The resolution is new to all but Kraft Heinz, where As You Sow withdrew after a procedural challenge.

Food Animals

The Humane Society of the U.S. (HSUS) asked Ingles Markets, a grocery store chain in the American South, to provide more information on its plans to sell only cage-free eggs; it received 7.7 percent support on February 15. Other issues that previously have come up at other companies address the use of leather and the pork supply chain.

At Levi Strauss, People for the Ethical Treatment of Animals (PETA) wants a report “on the slaughter methods used to procure leather to determine whether they conform to this policy. The report should also address the risks presented by any incompatible sourcing and the company’s plans, if any, to mitigate these risks.”
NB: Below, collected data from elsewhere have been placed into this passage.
definition packing_number :: "'a::metric_space set \<Rightarrow> real \<Rightarrow> nat" where
  "packing_number X e = Sup {card S |S. S \<subseteq> X \<and> finite S \<and> separated e S}"

lemma card_le_packing_number:
  assumes "compact X" "e > 0" "S \<subseteq> X" "finite S" "separated e S"
  shows "card S \<le> packing_number X e"
  unfolding packing_number_def using assms(3-5)
  by (intro cSup_upper bdd_above_card_separated[OF assms(1,2)]) auto

lemma separated_image_of_far_steps:
  fixes xs :: "nat \<Rightarrow> 'a::metric_space"
  assumes e: "e > 0" and far: "\<And>t i. t \<in> T \<Longrightarrow> i \<in> {1..t} \<Longrightarrow> e \<le> dist (xs (Suc t)) (xs i)"
  shows "inj_on (\<lambda>t. xs (Suc t)) T" "separated e ((\<lambda>t. xs (Suc t)) ` T)"
proof -
  have sep: "e \<le> dist (xs (Suc s)) (xs (Suc t))" if "s \<in> T" "t \<in> T" "s \<noteq> t" for s t
    using far[of s "Suc t"] far[of t "Suc s"] that by (cases "s < t") (auto simp: dist_commute)
  show "inj_on (\<lambda>t. xs (Suc t)) T"
    using sep e by (intro inj_onI) force
  show "separated e ((\<lambda>t. xs (Suc t)) ` T)"
    unfolding separated_def using sep by blast
qed

lemma isCont_pos_on_ball:
  fixes g :: "'a::real_normed_vector \<Rightarrow> real"
  assumes "isCont g 0" "g 0 > 0"
  shows "\<exists>d>0. \<forall>y. norm y < d \<longrightarrow> g y > 0"
proof -
  obtain d where d: "d > 0" "\<And>y. dist y 0 < d \<Longrightarrow> dist (g y) (g 0) < g 0"
    using assms(1)[unfolded continuous_at_eps_delta, rule_format, OF assms(2)] by blast
  have "g y > 0" if "norm y < d" for y
    using d(2)[of y] that by (simp add: dist_real_def abs_less_iff)
  then show ?thesis using d(1) by blast
qed

lemma kernel_vanishes_far:
  fixes Psi :: "'a::real_normed_vector \<Rightarrow> real"
  assumes supp: "closure {z. Psi z \<noteq> 0} \<subseteq> ball 0 R" and l: "l > 0" and far: "R * l \<le> dist x y"
  shows "Psi ((1 / l) *\<^sub>R (x - y)) = 0"
proof (rule ccontr)
  assume "Psi ((1 / l) *\<^sub>R (x - y)) \<noteq> 0"
  then have "(1 / l) *\<^sub>R (x - y) \<in> ball 0 R"
    using supp closure_subset by (metis (mono_tags, lifting) mem_Collect_eq subsetD)
  moreover have "norm ((1 / l) *\<^sub>R (x - y)) = dist x y / l"
    using l by (simp add: dist_norm)
  ultimately show False
    using l far by (simp add: pos_divide_less_eq)
qed

lemma kernel_pos_near:
  fixes Psi :: "'a::real_normed_vector \<Rightarrow> real"
  assumes pos: "\<And>y. norm y < d \<Longrightarrow> Psi y > 0" and l: "l > 0" and near: "dist x y < d * l"
  shows "Psi ((1 / l) *\<^sub>R (x - y)) > 0"
proof (rule pos)
  have "norm ((1 / l) *\<^sub>R (x - y)) = dist x y / l"
    using l by (simp add: dist_norm)
  then show "norm ((1 / l) *\<^sub>R (x - y)) < d"
    using l near by (simp add: pos_divide_less_eq)
qed

lemma Wsum_eq_0_iff:
  assumes "\<And>z. Psi z \<ge> 0"
  shows "Wsum Psi l xs t x = 0 \<longleftrightarrow> (\<forall>i\<in>{1..t}. Psi ((1 / l) *\<^sub>R (x - xs i)) = 0)"
  unfolding Wsum_def using assms by (simp add: sum_nonneg_eq_0_iff)

lemma ucb_eq_infinity_iff:
  assumes "b > 0"
  shows "ucb Psi l b xs ys t x = \<infinity> \<longleftrightarrow> Wsum Psi l xs t x = 0"
proof (cases "Wsum Psi l xs t x = 0")
  case True
  then show ?thesis using assms by (simp add: ucb_def sigma_hat_def)
next
  case False
  then show ?thesis by (simp add: ucb_def sigma_hat_def del: ereal_infty_mult)
qed

lemma bdd_above_min_dist:
  fixes xs :: "nat \<Rightarrow> 'a::metric_space"
  assumes "bounded X" "t \<ge> 1"
  shows "bdd_above ((\<lambda>x. Min ((\<lambda>i. dist x (xs i)) ` {1..t})) ` X)"
proof -
  obtain a B where B: "\<And>x. x \<in> X \<Longrightarrow> dist a x \<le> B"
    using assms(1) unfolding bounded_def by blast
  have "Min ((\<lambda>i. dist x (xs i)) ` {1..t}) \<le> B + dist a (xs 1)" if "x \<in> X" for x
  proof -
    have "Min ((\<lambda>i. dist x (xs i)) ` {1..t}) \<le> dist x (xs 1)"
      using assms(2) by (intro Min_le) auto
    also have "\<dots> \<le> dist a x + dist a (xs 1)" by (rule dist_triangle3)
    finally show ?thesis using B[OF that] by linarith
  qed
  then show ?thesis by (intro bdd_aboveI2)
qed

lemma fill_distance_nonneg:
  assumes "bounded X" "x \<in> X" "t \<ge> 1"
  shows "0 \<le> fill_distance X xs t"
proof -
  have "0 \<le> Min ((\<lambda>i. dist x (xs i)) ` {1..t})"
    using assms(3) by (subst Min_ge_iff) auto
  also have "\<dots> \<le> fill_distance X xs t"
    unfolding fill_distance_def using assms(2) bdd_above_min_dist[OF assms(1,3)] by (rule cSUP_upper)
  finally show ?thesis .
qed

lemma far_point_of_fill_distance_gt:
  assumes "bounded X" "X \<noteq> {}" "t \<ge> 1" "r < fill_distance X xs t"
  obtains x where "x \<in> X" "\<And>i. i \<in> {1..t} \<Longrightarrow> r < dist x (xs i)"
proof -
  obtain x where "x \<in> X" "r < Min ((\<lambda>i. dist x (xs i)) ` {1..t})"
    using assms bdd_above_min_dist[OF assms(1,3)] unfolding fill_distance_def
    by (auto simp: less_cSUP_iff)
  then show ?thesis using that assms(3) by (simp add: Min_gr_iff)
qed

lemma INF_fill_distance_nonneg:
  assumes "bounded X" "\<And>i. i \<ge> 1 \<Longrightarrow> xs i \<in> X"
  shows "0 \<le> (INF t\<in>{1..}. fill_distance X xs t)"
  using assms by (intro cINF_greatest fill_distance_nonneg) auto

lemma INF_fill_distance_le:
  assumes "bounded X" "\<And>i. i \<ge> 1 \<Longrightarrow> xs i \<in> X" "t \<ge> 1"
  shows "(INF t\<in>{1..}. fill_distance X xs t) \<le> fill_distance X xs t"
proof (rule cINF_lower)
  show "bdd_below ((\<lambda>t. fill_distance X xs t) ` {1..})"
    using assms(1,2) fill_distance_nonneg by (intro bdd_belowI2[of _ 0]) blast
qed (use assms(3) in simp)

lemma ucb_argmax_far_from_design:
  fixes X :: "'a::euclidean_space set"
  assumes X: "bounded X" "X \<noteq> {}"
    and Psi_nonneg: "\<And>z. Psi z \<ge> 0" and supp: "closure {z. Psi z \<noteq> 0} \<subseteq> ball 0 R"
    and pos: "\<And>y. norm y < d \<Longrightarrow> Psi y > 0"
    and l: "l > 0" and b: "b > 0" and t: "t \<ge> 1"
    and argmax: "is_argmax_on X (ucb Psi l b xs ys t) u"
    and fill: "R * l < fill_distance X xs t"
    and i: "i \<in> {1..t}"
  shows "d * l \<le> dist u (xs i)"
proof -
  obtain x0 where x0: "x0 \<in> X" "\<And>i. i \<in> {1..t} \<Longrightarrow> R * l < dist x0 (xs i)"
    using far_point_of_fill_distance_gt[OF X t fill] by blast
  have "Wsum Psi l xs t x0 = 0"
    using x0(2) kernel_vanishes_far[OF supp l] by (simp add: Wsum_eq_0_iff[OF Psi_nonneg] less_imp_le)
  then have "ucb Psi l b xs ys t x0 = \<infinity>"
    using ucb_eq_infinity_iff[OF b] by blast
  then have "ucb Psi l b xs ys t u = \<infinity>"
    using argmax x0(1) unfolding is_argmax_on_def by (metis ereal_infty_less_eq(1))
  then have "Psi ((1 / l) *\<^sub>R (u - xs i)) = 0"
    using i by (simp add: ucb_eq_infinity_iff[OF b] Wsum_eq_0_iff[OF Psi_nonneg])
  then have "\<not> dist u (xs i) < d * l"
    using kernel_pos_near[where Psi=Psi and d=d and l=l and x=u and y="xs i"] pos l by force
  then show ?thesis by simp
qed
MCDONALD’S BREAKS ANIMAL WELFARE PLEDGE—NOW FACES BOARD BATTLE


LESLIE SAMUELRICH

President, Green Century Capital Management

On February 20, 2022, McDonald’s confirmed that Carl Icahn nominated both Maisie Ganzler and me for the company’s board of directors in response to McDonald’s failure to meet a public pledge it made 10 years ago to end the egregiously cruel and controversial practice of pig gestation crates by this year. McDonald’s falsely maintains it’s making progress towards this goal when sows in their supply chain are still immobilized in tiny stalls, not much bigger than their bodies, for several weeks of each pregnancy. They can’t even turn around, and it’s months of confinement in a tiny cage.
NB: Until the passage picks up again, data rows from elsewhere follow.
lemma coprime_factor_of_square:
  fixes u v C :: int
  assumes u: "u > 0" and v: "v > 0" and cop: "coprime u v" and sq: "u * v = C^2"
  shows "\<exists>t. v = t^2"
proof -
  have cop': "coprime (nat u) (nat v)" using cop u v coprime_int_iff[of "nat u" "nat v"] by simp
  have "int (nat u * nat v) = int ((nat \<bar>C\<bar>)^2)" using sq u v by simp
  then have "is_nth_power 2 (nat u * nat v)" by (intro is_nth_powerI) (simp only: of_nat_eq_iff)
  then have "is_nth_power 2 (nat v)" using is_nth_power_mult_coprime_natD(2)[OF cop'] u v by simp
  then obtain t where "nat v = t^2" by (elim is_nth_powerE)
  then have "v = (int t)^2" using v by (metis int_nat_eq of_nat_power less_imp_le nat_0_le)
  then show ?thesis by blast
qed

lemma square_diff_one:
  fixes x y :: int assumes "x^2 - y^2 = 1" shows "y = 0"
proof -
  have "\<bar>y\<bar> < \<bar>x\<bar>" using assms abs_le_square_iff[of x y] by linarith
  then have "(\<bar>y\<bar> + 1)^2 \<le> \<bar>x\<bar>^2" by (intro power_mono) auto
  then have "y^2 + 2*\<bar>y\<bar> + 1 \<le> x^2" by (simp add: power2_eq_square algebra_simps abs_mult_self_eq)
  then show ?thesis using assms by simp
qed

lemma rat_square_of_int_imp_int:
  fixes r :: rat assumes "r^2 = of_int n" shows "\<exists>m. r = of_int m"
proof -
  obtain u v where q: "quotient_of r = (u, v)" by (cases "quotient_of r")
  have v: "v > 0" and cop: "coprime u v" and r: "r = of_int u / of_int v"
    using quotient_of_denom_pos[OF q] quotient_of_coprime[OF q] quotient_of_div[OF q] by auto
  have "of_int u ^ 2 = (of_int n * of_int v ^ 2 :: rat)"
    using assms v by (simp add: r power_divide divide_eq_eq)
  then have "u^2 = n * v^2" by (metis of_int_eq_iff of_int_mult of_int_power)
  then have "v^2 dvd u^2" by simp
  moreover have "coprime (v^2) (u^2)" using cop by (simp add: coprime_commute)
  ultimately have "\<bar>v^2\<bar> = 1" using coprime_common_divisor_int[of "v^2" "u^2" "v^2"] by simp
  then have "v = 1" using v by (simp add: power2_eq_1_iff)
  then show ?thesis using r by auto
qed

section \<open>The ABC height bound\<close>

text \<open>For x = a/d in lowest terms on E_N, the primes that necessarily divide the denominator
  of x(2P): those of d, and those of W = a(a^2 - N d^2) not dividing 2N.\<close>
definition exceptional_primes :: "int \<Rightarrow> int \<Rightarrow> int \<Rightarrow> int set" where
  "exceptional_primes N a d =
     {q. prime q \<and> (q dvd d \<or> (q dvd a * (a^2 - N*d^2) \<and> \<not> q dvd 2*N))}"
HSUS wants Wendy’s to report within three months to

confirm the individual crate confinement of gestating pigs will be eliminated from its North American supply by the end of 2022. If Wendy’s cannot so confirm, shareholders request: 1) its percentage of gestation crate-free pork, and 2) risks Wendy’s may face over the disparity between its gestation crate assurances and the use of crates beyond 2022.

HSUS has filed a similar proposal at McDonald’s, where billionaire Carl Icahn is backing dissident directors because he is dissatisfied about what he sees as a lack of progress in implementing the company’s policy to phase out gestation crates for pigs.

SEC challenges: Levi’s and Wendy’s have lodged challenges at the SEC. Levi Strauss says it concerns ordinary business because it addresses specific products—an argument that has prevailed in similar cases before. Wendy’s says its December 2021 plan to end the use of hog gestation crates by the end of 2022 makes the proposal moot, and also that the proposal is an ordinary business issue since it would involve a product-specific risk assessment. HSUS earlier had withdrawn a similar proposal at Wendy’s in 2012 but this year expresses skepticism that progress is being made.

Mining

Green Century is the lead proponent on a new proposal at Chemours about mining in northern Florida. It asks for a report on “material climate, regulatory, and reputational risks” that might occur were the company to acquire a titanium mining project, Twin Pines Minerals, located near the Okefenokee National Wildlife Refuge. The refuge’s 400,000 protected acres host “the largest refuge in the eastern United States and home to hundreds of plant and animal species” Green Century notes, storing “the equivalent of 95 million tons of carbon dioxide.” The proposal asks for a report

assessing the benefits and drawbacks of committing not to engage in titanium mining, nor to purchase titanium mined by others, near the Okefenokee National Wildlife Refuge, and assessing the financial and reputational risks to the company associated with such development or procurement.